No need to use the noun _pengejaran_ instead of the verb_ mengejar_ because the English has a noun.

An alternative is:
Perjalanan untuk memburu pengetahuan.
_Mengejar_ and _memburu_ practically are synonyms.

But if I translate the sentence back to English, it would be: A journey in pursuit of knowledge.  _Perjalanan = _a journey.
The English phrase does not imply a single journey in my opinion, rather _to travel_, or _traveling_.  That is better translated as _bepergian_:
Bepergian untuk memburu/mengejar pengetahuan.

Lastly, why not use _ilmu_ instead of _pengetahuan.  _That makes a succinct phrase:* Bepergian untuk memburu ilmu.*

Theo


----------



## adrnstyd

Do you literally mean 'travel' as in going somewhere to study there or 'travel' figuratively?
If figuratively, _perjalanan dalam_ sounds better to me (we use _dalam_ maybe because of the influence of english).
You can also use _perjalanan untuk_ but it sounds a little bit less cooler to my ear for a figurative meaning.
_Bepergian untuk_ means going somewhere (to a place you don't usually visit) to do something. I don't think it suits for figurative purpose.

_Memburu_ literally means to hunt or pursuit in figurative meaning.
_Mengejar_ means (run) after or chase somebody/something, in literal.
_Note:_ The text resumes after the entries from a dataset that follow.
lemma word_act_ceq:
  assumes P: "premaniplex n F adj"
  shows "ceq n v w \<Longrightarrow> set v \<subseteq> {..<n} \<Longrightarrow> x \<in> F \<Longrightarrow> word_act adj v x = word_act adj w x"
proof (induction arbitrary: x rule: ceq.induct)
  case (ceq_sym v w)
  then show ?case using ceq_alphabet by metis
next
  case (ceq_trans a b c)
  then show ?case using ceq_alphabet by metis
next
  case (ceq_inv i a b)
  have "word_act adj b x \<in> F" using word_act_closed[OF P _ ceq_inv(3), of b] ceq_inv(2) by auto
  then show ?case using P ceq_inv(1) by (simp add: word_act_append premaniplex_def word_act_def)
next
  case (ceq_comm i j a b)
  have "word_act adj b x \<in> F" using word_act_closed[OF P _ ceq_comm(5), of b] ceq_comm(4) by auto
  moreover have "\<forall>z\<in>F. adj i (adj j (adj i (adj j z))) = z"
    using P ceq_comm(1-3) unfolding premaniplex_def by blast
  ultimately show ?case by (simp add: word_act_append word_act_def)
qed simp

lemma word_act_inj:
  assumes P: "premaniplex n F adj"
  shows "set w \<subseteq> {..<n} \<Longrightarrow> x \<in> F \<Longrightarrow> y \<in> F \<Longrightarrow> word_act adj w x = word_act adj w y \<Longrightarrow> x = y"
proof (induction w)
  case (Cons i w)
  have "word_act adj w x \<in> F" "word_act adj w y \<in> F"
    using word_act_closed[OF P] Cons.prems by auto
  moreover have "adj i (adj i (word_act adj w x)) = adj i (adj i (word_act adj w y))"
    using Cons.prems(4) by (simp add: word_act_Cons)
  ultimately have "word_act adj w x = word_act adj w y"
    using P Cons.prems(1) by (simp add: premaniplex_def)
  then show ?case using Cons by auto
qed (simp add: word_act_def)

lemma cox_act_cls:
  assumes P: "premaniplex n F adj" and "set w \<subseteq> {..<n}" "x \<in> F"
  shows "cox_act adj (cls n w) x = word_act adj w x"
proof -
  have "w \<in> cls n w" by (simp add: mem_cls_iff ceq_refl)
  then have "ceq n w (SOME v. v \<in> cls n w)" by (metis someI mem_cls_iff)
  then show ?thesis unfolding cox_act_def using word_act_ceq[OF P] assms(2,3) by simp
qed

lemma cox_act_closed:
  assumes P: "premaniplex n F adj" and "A \<in> carrier (Cox n)" "x \<in> F"
  shows "cox_act adj A x \<in> F"
  using assms carrier_Cox_iff cox_act_cls[OF P] word_act_closed[OF P] by metis

lemma cox_act_mult:
  assumes P: "premaniplex n F adj" and A: "A \<in> carrier (Cox n)" and B: "B \<in> carrier (Cox n)"
    and x: "x \<in> F"
  shows "cox_act adj (A \<otimes>\<^bsub>Cox n\<^esub> B) x = cox_act adj A (cox_act adj B x)"
proof -
  obtain a b where a: "set a \<subseteq> {..<n}" "A = cls n a" and b: "set b \<subseteq> {..<n}" "B = cls n b"
    using A B carrier_Cox_iff by metis
  have "word_act adj b x \<in> F" using word_act_closed[OF P b(1) x] .
  then show ?thesis using a b x by (simp add: Cox_mult_cls cox_act_cls[OF P] word_act_append)
qed

lemma cox_act_inj:
  assumes P: "premaniplex n F adj" and "A \<in> carrier (Cox n)" "x \<in> F" "y \<in> F"
    and "cox_act adj A x = cox_act adj A y"
  shows "x = y"
  using assms carrier_Cox_iff cox_act_cls[OF P] word_act_inj[OF P] by metis
lemma f_lower_bound:
  assumes "n \<ge> 1" "k \<ge> 2"
  shows "1/2 * 2 powr (real n / (real k - 1)) \<le> real (f n k)"
proof -
  obtain F where max: "maximal_kwise_intersecting n k F" and "f n k = card F"
    using f_attained[OF assms] .
  have "card F \<ge> 1"
    using maximal_kwise_intersecting_top[OF max \<open>n \<ge> 1\<close>]
      maximal_kwise_intersecting_finite[OF max] by (auto simp: Suc_le_eq card_gt_0_iff)
  then have "card F \<le> card F ^ (k - 1)" using \<open>k \<ge> 2\<close> by (simp add: self_le_power)
  with maximal_kwise_intersecting_card_bound[OF max assms]
  have "2 ^ n \<le> 2 * card F ^ (k - 1)" by linarith
  then have "real (2 ^ n) \<le> real (2 * card F ^ (k - 1))" by (simp only: of_nat_le_iff)
  then have "2 ^ n \<le> 2 * real (card F) ^ (k - 1)" by simp
  then have "1/2 * 2 powr (real n / real (k - 1)) \<le> real (card F)"
    by (rule half_powr_le_of_power_le[rotated 2]) (use \<open>k \<ge> 2\<close> in simp_all)
  moreover have "real (k - 1) = real k - 1" using \<open>k \<ge> 2\<close> by simp
  ultimately show ?thesis using \<open>f n k = card F\<close> by simp
qed

section \<open>The block construction\<close>

lemma sum_le_sum_subset_plus_bound:
  fixes b :: "'a \<Rightarrow> nat"
  assumes "finite I" "J \<subseteq> I" "\<And>i. i \<in> I - J \<Longrightarrow> b i \<le> c"
  shows "sum b I \<le> sum b J + c * (card I - card J)"
proof -
  have "sum b I = sum b J + sum b (I - J)"
    using assms(1,2) by (simp add: sum.subset_diff)
  also have "sum b (I - J) \<le> c * card (I - J)"
    using sum_bounded_above[of "I - J" b c] assms(3) by (simp add: mult.commute)
  also have "card (I - J) = card I - card J"
    using finite_subset[OF assms(2,1)] assms(2) by (rule card_Diff_subset)
  finally show ?thesis by simp
qed

locale block_partition =
  fixes n t :: nat and X :: "nat \<Rightarrow> nat set" and S :: "nat set"
  assumes block_subset: "i < t \<Longrightarrow> X i \<subseteq> {1..n}"
    and two_le_card_block: "i < t \<Longrightarrow> 2 \<le> card (X i)"
    and blocks_disjoint: "i < t \<Longrightarrow> j < t \<Longrightarrow> i \<noteq> j \<Longrightarrow> X i \<inter> X j = {}"
    and S_subset: "S \<subseteq> {1..n}"
    and card_S_le_1: "card S \<le> 1"
    and S_disjoint_block: "i < t \<Longrightarrow> S \<inter> X i = {}"
    and covers: "{1..n} \<subseteq> S \<union> (\<Union>i<t. X i)"
begin

definition small_sets :: "nat set set" where
  "small_sets = {Y. \<exists>i<t. Y \<subset> X i} \<union> Pow S"

definition family :: "nat set set" where
  "family = (\<lambda>Y. {1..n} - Y) ` small_sets"

lemma finite_block: assumes "i < t" shows "finite (X i)"
  using block_subset[OF assms] by (rule finite_subset) simp

lemma finite_S: "finite S"
  using S_subset by (rule finite_subset) simp

lemma small_sets_subset_Pow: "small_sets \<subseteq> Pow {1..n}"
  using block_subset S_subset by (auto simp: small_sets_def)
(* There exist two-dimensional random vectors $\mathbf{X},\mathbf{Y}$ with $\mathbf{X}\succ_{\mathrm{FSD}}\mathbf{Y}$ and a function $u\in\mathcal{U}$ with $\frac{\partial^2u(x_1,x_2)}{\partial x_1\partial x_2}\le0$ such that $\mathbb{E}\,u(\mathbf{X})\le\mathbb{E}\,u(\mathbf{Y})$; i.e. strict first-order stochastic dominance does not in general imply strictly greater expected utility for all $u\in\mathcal{U}$ with nonpositive mixed partial derivative.
   Context: For $\mathbf{x},\mathbf{y}\in\mathbb{R}^2$: $\mathbf{y}\preceq_p\mathbf{x}$ iff $y_i\le x_i$ for all $i$; $\mathbf{x}\succ_p\mathbf{y}$ iff $x_i\ge y_i$ for all $i$ and $x_i>y_i$ for some $i$. $\mathcal{U}$ is the class of strictly monotonically increasing $u:\mathbb{R}^2\to\mathbb{R}$ ($\mathbf{x}\succ_p\mathbf{y}\implies u(\mathbf{x})>u(\mathbf{y})$). CDF: $F_{\mathbf{X}}(\mathbf{x})=P(\mathbf{X}\preceq_p\mathbf{x})$. $\mathbf{X}\succ_{\mathrm{FSD}}\mathbf{Y}$ iff $F_{\mathbf{X}}(\mathbf{v})\le F_{\mathbf{Y}}(\mathbf{v})$ for all $\mathbf{v}$ and strict inequality for some $\mathbf{v}$. *)

theory Defs
  imports "HOL-Probability.Probability"
begin

definition pareto_le :: "real \<times> real \<Rightarrow> real \<times> real \<Rightarrow> bool" where
  "pareto_le y x \<longleftrightarrow> fst y \<le> fst x \<and> snd y \<le> snd x"

definition pareto_gt :: "real \<times> real \<Rightarrow> real \<times> real \<Rightarrow> bool" where
  "pareto_gt x y \<longleftrightarrow> (fst x \<ge> fst y \<and> snd x \<ge> snd y) \<and> (fst x > fst y \<or> snd x > snd y)"

definition strictly_increasing2 :: "(real \<times> real \<Rightarrow> real) \<Rightarrow> bool" where
  "strictly_increasing2 u \<longleftrightarrow> (\<forall>x y. pareto_gt x y \<longrightarrow> u x > u y)"

definition cdf2 :: "(real \<times> real) measure \<Rightarrow> real \<times> real \<Rightarrow> real" where
  "cdf2 P v = measure P {x. pareto_le x v}"

definition fsd :: "(real \<times> real) measure \<Rightarrow> (real \<times> real) measure \<Rightarrow> bool" where
  "fsd PX PY \<longleftrightarrow> (\<forall>v. cdf2 PX v \<le> cdf2 PY v) \<and> (\<exists>v. cdf2 PX v < cdf2 PY v)"

text \<open>h is the mixed second partial derivative d^2 u / (dx1 dx2): first differentiate
  in x2 (giving g), then differentiate g in x1; both partials exist everywhere.\<close>
definition mixed_partial :: "(real \<times> real \<Rightarrow> real) \<Rightarrow> (real \<times> real \<Rightarrow> real) \<Rightarrow> bool" where
  "mixed_partial u h \<longleftrightarrow> (\<exists>g :: real \<Rightarrow> real \<Rightarrow> real.
      (\<forall>x1 x2. ((\<lambda>t. u (x1, t)) has_real_derivative g x1 x2) (at x2)) \<and>
      (\<forall>x1 x2. ((\<lambda>s. g s x2) has_real_derivative h (x1, x2)) (at x1)))"

end

theory Submission
  imports Defs
begin

text \<open>Let X be uniform on the antidiagonal points (1,0), (0,1) and Y uniform on the diagonal
  points (0,0), (1,1). Both have the same Bernoulli marginals, but Y is more positively dependent,
  so its joint CDF (the probability of a lower orthant) is pointwise at least that of X, and
  strictly larger at (0,0). The additive utility u(x1, x2) = x1 + x2 is strictly increasing with
  vanishing mixed partial derivative, and its expectation depends only on the marginals, so
  E u(X) = E u(Y) = 1.\<close>

definition uniform_borel :: "'a::topological_space set \<Rightarrow> 'a measure" where
  "uniform_borel S = distr (measure_pmf (pmf_of_set S)) borel id"

lemma prob_space_uniform_borel: "prob_space (uniform_borel S)"
  unfolding uniform_borel_def
  by (rule prob_space.prob_space_distr) (simp_all add: measure_pmf.prob_space_axioms)

lemma sets_uniform_borel [simp]: "sets (uniform_borel S) = sets borel"
  by (simp add: uniform_borel_def)

lemma measure_uniform_borel:
  assumes "finite S" "S \<noteq> {}" "A \<in> sets borel"
  shows "measure (uniform_borel S) A = card (S \<inter> A) / card S"
  using assms by (simp add: uniform_borel_def measure_distr measure_pmf_of_set)

lemma integral_uniform_borel:
  fixes f :: "'a::topological_space \<Rightarrow> real"
  assumes "finite S" "S \<noteq> {}" "f \<in> borel_measurable borel"
  shows "integrable (uniform_borel S) f"
    and "(\<integral>x. f x \<partial>uniform_borel S) = (\<Sum>x\<in>S. f x) / card S"
  using assms
  by (simp_all add: uniform_borel_def integrable_distr_eq integral_distr
      integrable_measure_pmf_finite integral_pmf_of_set)

lemma closed_pareto_lower_set: "closed {x. pareto_le x v}"
  unfolding pareto_le_def
  by (intro closed_Collect_conj closed_Collect_le continuous_intros)

lemma cdf2_uniform_borel:
  assumes "finite S" "S \<noteq> {}"
  shows "cdf2 (uniform_borel S) v = (\<Sum>x\<in>S. of_bool (pareto_le x v)) / card S"
  using assms closed_pareto_lower_set
  by (simp add: cdf2_def measure_uniform_borel borel_closed)

lemma fsd_antidiagonal_diagonal:
  "fsd (uniform_borel {(1, 0), (0, 1)}) (uniform_borel {(0, 0), (1, 1)})"
  unfolding fsd_def
  by (intro conjI exI[of _ "(0, 0)"])
    (auto simp del: sum_of_bool_eq simp: cdf2_uniform_borel pareto_le_def)

lemma strictly_increasing2_sum: "strictly_increasing2 (\<lambda>x. fst x + snd x)"
  unfolding strictly_increasing2_def pareto_gt_def by auto

lemma mixed_partial_sum: "mixed_partial (\<lambda>x. fst x + snd x) (\<lambda>_. 0)"
  unfolding mixed_partial_def
  by (rule exI[of _ "\<lambda>_ _. 1"]) (auto intro!: derivative_eq_intros)

theorem mainTheorem11:
  shows "\<exists>(PX :: (real \<times> real) measure) (PY :: (real \<times> real) measure) (u :: real \<times> real \<Rightarrow> real).
     prob_space PX \<and> sets PX = sets borel \<and>
     prob_space PY \<and> sets PY = sets borel \<and>
     fsd PX PY \<and>
     strictly_increasing2 u \<and>
     (\<exists>h. mixed_partial u h \<and> (\<forall>x. h x \<le> 0)) \<and>
     integrable PX u \<and> integrable PY u \<and>
     (\<integral>x. u x \<partial>PX) \<le> (\<integral>x. u x \<partial>PY)"
proof -
  let ?u = "\<lambda>x::real \<times> real. fst x + snd x"
  have u_measurable: "?u \<in> borel_measurable borel"
    by (intro borel_measurable_continuous_onI continuous_intros)
  note integral_X = integral_uniform_borel[of "{(1, 0), (0, 1)}", OF _ _ u_measurable]
  note integral_Y = integral_uniform_borel[of "{(0, 0), (1, 1)}", OF _ _ u_measurable]
  show ?thesis
    using prob_space_uniform_borel fsd_antidiagonal_diagonal strictly_increasing2_sum
      mixed_partial_sum integral_X integral_Y
    by (intro exI[of _ "uniform_borel {(1, 0), (0, 1)}"] exI[of _ "uniform_borel {(0, 0), (1, 1)}"]
        exI[of _ ?u]) auto
qed

end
You can also use for figurative purpose, for example: _mengejar mimpi/impian_, _mengejar bayangan_, etc. But for _ilmu_ I suggest you use _memburu_ or _mencari_ (to search/find) though _mengejar_ is not wrong. 

For 'knowledge' we can say _ilmu_, _pengetahuan_, or _ilmu pengetahuan_.
Ilmu = _a (branch of) study_, _a science of_, but sometimes can also means _knowledge_ or _cleverness_ (depends on the context) according to Kamus Besar Bahasa Indonesia.
Pengetahuan = _knowledge_.
So for that english sentence, I would say "Perjalanan dalam memburu/mencari (ilmu) pengetahuan".


----------



## theo1006

adrnstyd said:


> Do you literally mean 'travel' as in going somewhere to study there or 'travel' figuratively?
> If figuratively, _perjalanan dalam_ sounds better to me (we use _dalam_ maybe because of the influence of english).



Well, I took 'travel' t be meant literally.
And indeed I prefer not to use _dalam_ because I suspect influence of English.
But we agree on our preference for _memburu_.
Theo


----------



## mignons

I tend to agree with theo.
Perjalanan dalam _untuk_ memburu/mencari (ilmu) pengetahuan
sounds better.


----------



## adrnstyd

_Untuk_ is correct, but that doesn't mean _dalam_ is wrong.
In my experience, _dalam_ in this context (which is the short for _dalam rangka_) is more often used for such a figure of speech.
And I still think that it's 'travel' in figurative meaning.


----------



## lanzailan

I agreed with adrnstyd.. In fact _dalam_ sounds more poetic for me.
But, is it the word _travel_ carries the same meaning as _journey_? 
Personally, I think _travel_ means _bepergian_ and _journey_ means _perjalanan_.  
Consider these two sentences:

1)Bepergian dalam mencari pengetahuan
  Travel in pursuit of knowledge

2)Journey in pursuit of knowledge
   Perjalanan dalam mencari pengetahuan


----------



## Ridwan Nurhayat

lanzailan said:


> I agreed with adrnstyd.. In fact _dalam_ sounds more poetic for me.
> But, is it the word _travel_ carries the same meaning as _journey_?
> Personally, I think _travel_ means _bepergian_ and _journey_ means _perjalanan_.
> Consider these two sentences:
> 
> 1)Bepergian dalam mencari pengetahuan
> Travel in pursuit of knowledge
> 
> 2)Journey in pursuit of knowledge
> Perjalanan dalam mencari pengetahuan



IMHO, I would say:
Perjalanan menuntut ilmu

Another alternatives:
- Perjalanan dalam pencarian pengetahuan
- Perjalanan untuk mencari pengetahuan
- Perjalanan mencari pengetahuan


----------